In 2003, Stephen Benjamin graduated in the top 10 percent of his class at the Defense Language Institute and was prepared to deploy to Iraq, only to be drummed out of the Navy because he was gay. In 2006, the same fate befell former Sgt. Bleu Copas, also an Arabic linguist. This past April, yet another Arabic linguist, Lt. Dan Choi, was also discharged for being openly gay. This May, Lt. Col. Victor Fehrenbach was also discharged for being gay, despite the 18 years of service he spent in the Air Force, during which he earned a total of nine air medals. But it’s almost beside the point that the policy is enormously harmful to the armed services themselves.

For a little more than a decade, this university has shown a greater awareness of LGBT issues, and has taken significant steps to help ensure equality on the campus. A 2005 report from the President’s Commission for Lesbian, Gay, Bisexual and Transgender Issues, for example, reported that, “Overall, a substantial majority indicated that they believed the environment to be generally positive – maybe not everywhere, and maybe not all the time, and maybe not in all aspects – but at least positive to some degree.” As one example, the university has advocated expanding health benefits to domestic partners since 1994, despite persistent and aggressive opposition by the Board of Regents.
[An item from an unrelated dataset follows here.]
(* For every $1\le i\le k$ and every set $S\subseteq V_i$, the reduction procedure on $\mathbf{T}_i$ with input $S$ is well-defined: in Step 1 and in Step 2 no vertex of the current syndrome set is paired with more than one other vertex, and in Step 3 no vertex is shifted more than once. Moreover its output $\hat{\mathbf{e}}_i$ satisfies $S\,\triangle\,\sigma(\hat{\mathbf{e}}_i)\subseteq V_{i-1}$.
   Context: Fix $k\ge1$. Let $\mathbf{T}_k=(V_k,E_k)$ be the Cayley graph of $\mathbb{Z}/2^k\mathbb{Z}\times\mathbb{Z}/2^k\mathbb{Z}$ with generators $(\pm1,0),(0,\pm1)$. For $\hat{\mathbf{e}}\in\mathbb{F}_2^{E_k}$, $\sigma(\hat{\mathbf{e}})$ is the set of vertices incident to an odd number of edges of $\hat{\mathbf{e}}$. For $0\le i\le k$ let $h_i=2^{k-i}$, let $V_i$ be the subgroup generated by $(h_i,0),(0,h_i)$, and let $\mathbf{T}_i$ be the graph on $V_i$ joining vertices differing by $\pm h_i$ in exactly one coordinate; each edge of $\mathbf{T}_i$ is identified with the straight path of length $h_i$ in $\mathbf{T}_k$, and flipping an edge of $\mathbf{T}_i$ means adding (mod 2) all edges of that path to $\hat{\mathbf{e}}_i$. For $i\ge1$, a cell of $\mathbf{T}_i$ is a face: with $h=h_i$, vertices $\alpha=(x,y)$, $\beta=(x+h,y)$, $\gamma=(x,y-h)$, $\delta=(x+h,y-h)$ and edges $t=\alpha\beta$, $b=\gamma\delta$, $l=\alpha\gamma$, $r=\beta\delta$. A block of $\mathbf{T}_i$ is a square of side $2h$ with top-left corner in $V_{i-1}$ (a face of $\mathbf{T}_{i-1}$), made of four cells $A$ (top-left), $B$ (top-right), $C$ (bottom-left), $D$ (bottom-right). Reduction procedure on $\mathbf{T}_i$ (input $S\subseteq V_i$, output $\hat{\mathbf{e}}_i$ initially $0$; in each step the tests use $S$ as at the start of that step, all blocks simultaneously). Step 1: in the $D$ cell of every block, if $\alpha,\delta\in S$ flip $l,b$ (pairing $\alpha$ with $\delta$); if $\beta,\gamma\in S$ flip $b,r$ (pairing $\beta$ with $\gamma$); if all four are in $S$ only $l$ and $r$ are flipped; then remove paired vertices from $S$. Step 2: in the $C$ cell of every block, if $\alpha,\gamma\in S$ flip $l$, if $\beta,\delta\in S$ flip $r$; in the $B$ cell of every block, if $\alpha,\beta\in S$ flip $t$, if $\gamma,\delta\in S$ flip $b$ (each such instruction pairs the two vertices); then remove paired vertices from $S$. Step 3: in the $A$ cell of every block, if $\beta\in S$ flip $t$, if $\gamma\in S$ flip $l$, if $\delta\in S$ flip $l$ and $b$ (each shifting that vertex to $\alpha$). *)

theory Defs
  imports Main
begin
In this April’s legislative session, the Maryland General Assembly voted to extend domestic partner benefits to all state employees.

It would be the height of hypocrisy and civic negligence to accept tens of millions of dollars from the military while quietly ignoring a policy that forces members of the LGBT community to choose between being barred from military service and repressing their sexual identity. As a public institution, we bear a responsibility to support the public interest, which is enormously dependent on the security provided by our military. But it is also our responsibility to fight for a government that operates justly, particularly as the Supreme Court declined to hear a challenge of the “don’t ask, don’t tell” policy and as President Barack Obama continues to waffle on the issue.
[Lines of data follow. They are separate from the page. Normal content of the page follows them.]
(* Let $X,Y,Z$ be finite random variables forming a Markov chain $X \leftrightarrow Y \leftrightarrow Z$. For $x\in\mathcal X$ let $[x]_{X,Y}$ and $[x]_{X,Z}$ denote the equivalence classes of $x$ under $p_{X,Y}$ and under $p_{X,Z}$, respectively. Then for every $x\in\mathcal X$ such that $p_{X,Z}(x,z)>0$ for some $z\in\mathcal Z$, we have $[x]_{X,Y}\subseteq [x]_{X,Z}$.
   Context: For finite random variables $X,Y$ with (w.l.o.g. disjoint) alphabets $\mathcal X,\mathcal Y$, the bipartite representation $\mathcal B_{X,Y}$ is the bipartite graph with vertex set $\mathcal X\cup\mathcal Y$ and an edge between $x\in\mathcal X$ and $y\in\mathcal Y$ iff $p(X=x)>0$ and $P(Y=y\mid X=x)>0$. The equivalence class $[x]_{X,Y}$ of $x\in\mathcal X$ is the set of $x'\in\mathcal X$ such that there is a path between $x$ and $x'$ in $\mathcal B_{X,Y}$. The classes $[x]_{X,Z}$ are defined analogously from $\mathcal B_{X,Z}$. *)

theory Defs
  imports "HOL-Probability.Probability"
begin

text \<open>Finite random variables X, Y, Z are given by a joint pmf on
  'a \<times> 'b \<times> 'c with finite alphabet types.\<close>

definition pXY :: "('a \<times> 'b \<times> 'c) pmf \<Rightarrow> ('a \<times> 'b) pmf" where
  "pXY p = map_pmf (\<lambda>(x, y, z). (x, y)) p"

definition pXZ :: "('a \<times> 'b \<times> 'c) pmf \<Rightarrow> ('a \<times> 'c) pmf" where
  "pXZ p = map_pmf (\<lambda>(x, y, z). (x, z)) p"

definition pYZ :: "('a \<times> 'b \<times> 'c) pmf \<Rightarrow> ('b \<times> 'c) pmf" where
  "pYZ p = map_pmf (\<lambda>(x, y, z). (y, z)) p"

definition pY :: "('a \<times> 'b \<times> 'c) pmf \<Rightarrow> 'b pmf" where
  "pY p = map_pmf (\<lambda>(x, y, z). y) p"

text \<open>Markov chain X -- Y -- Z: X and Z conditionally independent given Y,
  i.e. p(x,y,z) p(y) = p(x,y) p(y,z).\<close>
definition markov_chain :: "('a \<times> 'b \<times> 'c) pmf \<Rightarrow> bool" where
  "markov_chain p \<longleftrightarrow>
     (\<forall>x y z. pmf p (x, y, z) * pmf (pY p) y = pmf (pXY p) (x, y) * pmf (pYZ p) (y, z))"

text \<open>Edge set of the bipartite representation of a pair (X,Y) with joint pmf q,
  on the disjoint union of the alphabets (undirected: stored symmetrically).\<close>
definition bip_edges :: "('a \<times> 'b) pmf \<Rightarrow> ('a + 'b) rel" where
  "bip_edges q =
     (let E = {(Inl x, Inr y) | x y. pmf (map_pmf fst q) x > 0 \<and>
                                      pmf q (x, y) / pmf (map_pmf fst q) x > 0}
      in E \<union> E\<inverse>)"

definition eq_class :: "('a \<times> 'b) pmf \<Rightarrow> 'a \<Rightarrow> 'a set" where
  "eq_class q x = {x'. (Inl x, Inl x') \<in> (bip_edges q)\<^sup>*}"

end

theory Submission
  imports Defs
begin

text \<open>Two symbols of \<open>\<X>\<close> lie in the same class iff they are joined by a chain in which
  consecutive symbols share a neighbour in the bipartite graph. If \<open>x\<close> and \<open>x'\<close> share a
  neighbour \<open>y\<close>, pick any \<open>z\<close> with \<open>p(x,y,z) > 0\<close>; the Markov property
  \<open>p(x',y,z) p(y) = p(x',y) p(y,z)\<close> forces \<open>p(x',y,z) > 0\<close>, so \<open>x\<close> and \<open>x'\<close> share the
  neighbour \<open>z\<close> as well. Hence every chain for \<open>(X,Y)\<close> is a chain for \<open>(X,Z)\<close>.\<close>

definition common_neighbour :: "('a \<times> 'b) pmf \<Rightarrow> 'a rel" where
  "common_neighbour q = {(a, a'). \<exists>b. (a, b) \<in> set_pmf q \<and> (a', b) \<in> set_pmf q}"

lemma bip_edges_iff:
  "(u, v) \<in> bip_edges q \<longleftrightarrow>
     (\<exists>a b. (u = Inl a \<and> v = Inr b \<or> u = Inr b \<and> v = Inl a) \<and> (a, b) \<in> set_pmf q)"
proof -
  have "pmf (map_pmf fst q) a > 0 \<and> pmf q (a, b) / pmf (map_pmf fst q) a > 0
      \<longleftrightarrow> (a, b) \<in> set_pmf q" for a b
  proof
    assume "(a, b) \<in> set_pmf q"
    moreover from this have "a \<in> set_pmf (map_pmf fst q)" by force
    ultimately show "pmf (map_pmf fst q) a > 0 \<and> pmf q (a, b) / pmf (map_pmf fst q) a > 0"
      by (simp add: pmf_positive)
  qed (simp add: zero_less_divide_iff set_pmf_iff)
  then show ?thesis unfolding bip_edges_def Let_def by blast
qed

lemma eq_class_eq_common_neighbour_rtrancl:
  "eq_class q x = {x'. (x, x') \<in> (common_neighbour q)\<^sup>*}"
proof (intro set_eqI iffI; simp only: mem_Collect_eq eq_class_def)
  fix x'
  assume "(Inl x, Inl x') \<in> (bip_edges q)\<^sup>*"
  moreover
  have "(\<forall>a. v = Inl a \<longrightarrow> (x, a) \<in> (common_neighbour q)\<^sup>*) \<and>
        (\<forall>b. v = Inr b \<longrightarrow> (\<exists>a. (a, b) \<in> set_pmf q \<and> (x, a) \<in> (common_neighbour q)\<^sup>*))"
    if "(Inl x, v) \<in> (bip_edges q)\<^sup>*" for v
    using that
  proof (induction rule: rtrancl_induct)
    case (step v w)
    then obtain a b where ab: "(a, b) \<in> set_pmf q"
      and "v = Inl a \<and> w = Inr b \<or> v = Inr b \<and> w = Inl a"
      by (auto simp: bip_edges_iff)
    then consider "v = Inl a" "w = Inr b" | "v = Inr b" "w = Inl a" by blast
    then show ?case
    proof cases
      case 2
      with step.IH obtain a' where "(a', b) \<in> set_pmf q" "(x, a') \<in> (common_neighbour q)\<^sup>*"
        by auto
      with ab have "(x, a) \<in> (common_neighbour q)\<^sup>*"
        by (auto simp: common_neighbour_def intro: rtrancl_into_rtrancl)
      with 2 show ?thesis by simp
    qed (use step.IH ab in auto)
  qed simp
  ultimately show "(x, x') \<in> (common_neighbour q)\<^sup>*" by blast
next
  fix x'
  assume "(x, x') \<in> (common_neighbour q)\<^sup>*"
  then show "(Inl x, Inl x') \<in> (bip_edges q)\<^sup>*"
  proof (induction rule: rtrancl_induct)
    case (step a a')
    then obtain b where "(a, b) \<in> set_pmf q" "(a', b) \<in> set_pmf q"
      by (auto simp: common_neighbour_def)
    then have "(Inl a, Inr b) \<in> bip_edges q" "(Inr b, Inl a') \<in> bip_edges q"
      by (auto simp: bip_edges_iff)
    with step.IH show ?case by (meson rtrancl.rtrancl_into_rtrancl)
  qed simp
qed

lemma set_pmf_pXY: "(a, b) \<in> set_pmf (pXY p) \<longleftrightarrow> (\<exists>c. (a, b, c) \<in> set_pmf p)"
  unfolding pXY_def by force

lemma set_pmf_pXZ: "(a, c) \<in> set_pmf (pXZ p) \<longleftrightarrow> (\<exists>b. (a, b, c) \<in> set_pmf p)"
  unfolding pXZ_def by force

lemma markov_chain_support_exchange:
  assumes "markov_chain p" and "(a, b, c) \<in> set_pmf p" and "(a', b) \<in> set_pmf (pXY p)"
  shows "(a', b, c) \<in> set_pmf p"
proof -
  have "(b, c) \<in> set_pmf (pYZ p)"
    using assms(2) unfolding pYZ_def by force
  with assms(3) have "pmf (pXY p) (a', b) * pmf (pYZ p) (b, c) \<noteq> 0"
    by (simp add: set_pmf_iff)
  moreover have "pmf p (a', b, c) * pmf (pY p) b = pmf (pXY p) (a', b) * pmf (pYZ p) (b, c)"
    using assms(1) unfolding markov_chain_def by blast
  ultimately have "pmf p (a', b, c) \<noteq> 0" by force
  then show ?thesis by (simp add: set_pmf_iff)
qed

lemma markov_chain_common_neighbour_subset:
  assumes "markov_chain p"
  shows "common_neighbour (pXY p) \<subseteq> common_neighbour (pXZ p)"
proof clarify
  fix a a'
  assume "(a, a') \<in> common_neighbour (pXY p)"
  then obtain b c where abc: "(a, b, c) \<in> set_pmf p" and "(a', b) \<in> set_pmf (pXY p)"
    by (auto simp: common_neighbour_def set_pmf_pXY)
  with assms have "(a', b, c) \<in> set_pmf p"
    by (rule markov_chain_support_exchange)
  with abc show "(a, a') \<in> common_neighbour (pXZ p)"
    by (auto simp: common_neighbour_def set_pmf_pXZ)
qed

theorem lemma2:
  fixes p :: "('a::finite \<times> 'b::finite \<times> 'c::finite) pmf"
    and x :: 'a
  assumes "markov_chain p"
    and "\<exists>z. pmf (pXZ p) (x, z) > 0"
  shows "eq_class (pXY p) x \<subseteq> eq_class (pXZ p) x"
  using rtrancl_mono[OF markov_chain_common_neighbour_subset[OF assms(1)]]
  by (auto simp: eq_class_eq_common_neighbour_rtrancl)

end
In truth, the university should support a national campaign to have the policy changed. Their lobbying could have a significant impact – after all, as President Dan Mote is fond of bragging, Steny Hoyer, the current majority leader of the U.S. House of Representatives is a graduate of this university and continues to be involved in university affairs. As a meager first step, however, the university should utilize its research capabilities to debunk the asinine justifications offered in defense of the policy.

The armed forces section of the U.S. Code claims “the presence in the armed forces of persons who demonstrate a propensity or intent to engage in homosexual acts would create an unacceptable risk to the high standards of morale, good order and discipline, and unit cohesion that are the essence of military capability.” The university should assemble a multidisciplinary team to evaluate this logic. Recruit social psychologists to interview students in the ROTC, current service members and veterans to evaluate whether they actually believe openly gay service members would disrupt unit cohesion. Involve sociology professor David Segal, who has already argued that permitting openly gay individuals to serve in the military would without question cause less disruption than when minorities were incorporated in the 1940s or when women were incorporated in the 1970s. Compile the findings into a pamphlet as glossy as our admissions materials, and send copies to the members of the military and intelligence community working on our campus, to every member of Congress and to the White House.

University President and current University System of Maryland Chancellor Brit Kirwan once said, “I want College Park to be a place where excellence is achieved through diversity. A place that reflects the diversity of our state and the cultural richness of our world; a place where study and learning count, and color or accent or gender do not; a place where one can attack the ideas of another while affirming the human dignity of all; a place that enables individuals to be larger than they once were and more open of mind than they thought they could be.”

Let’s live up to his vision.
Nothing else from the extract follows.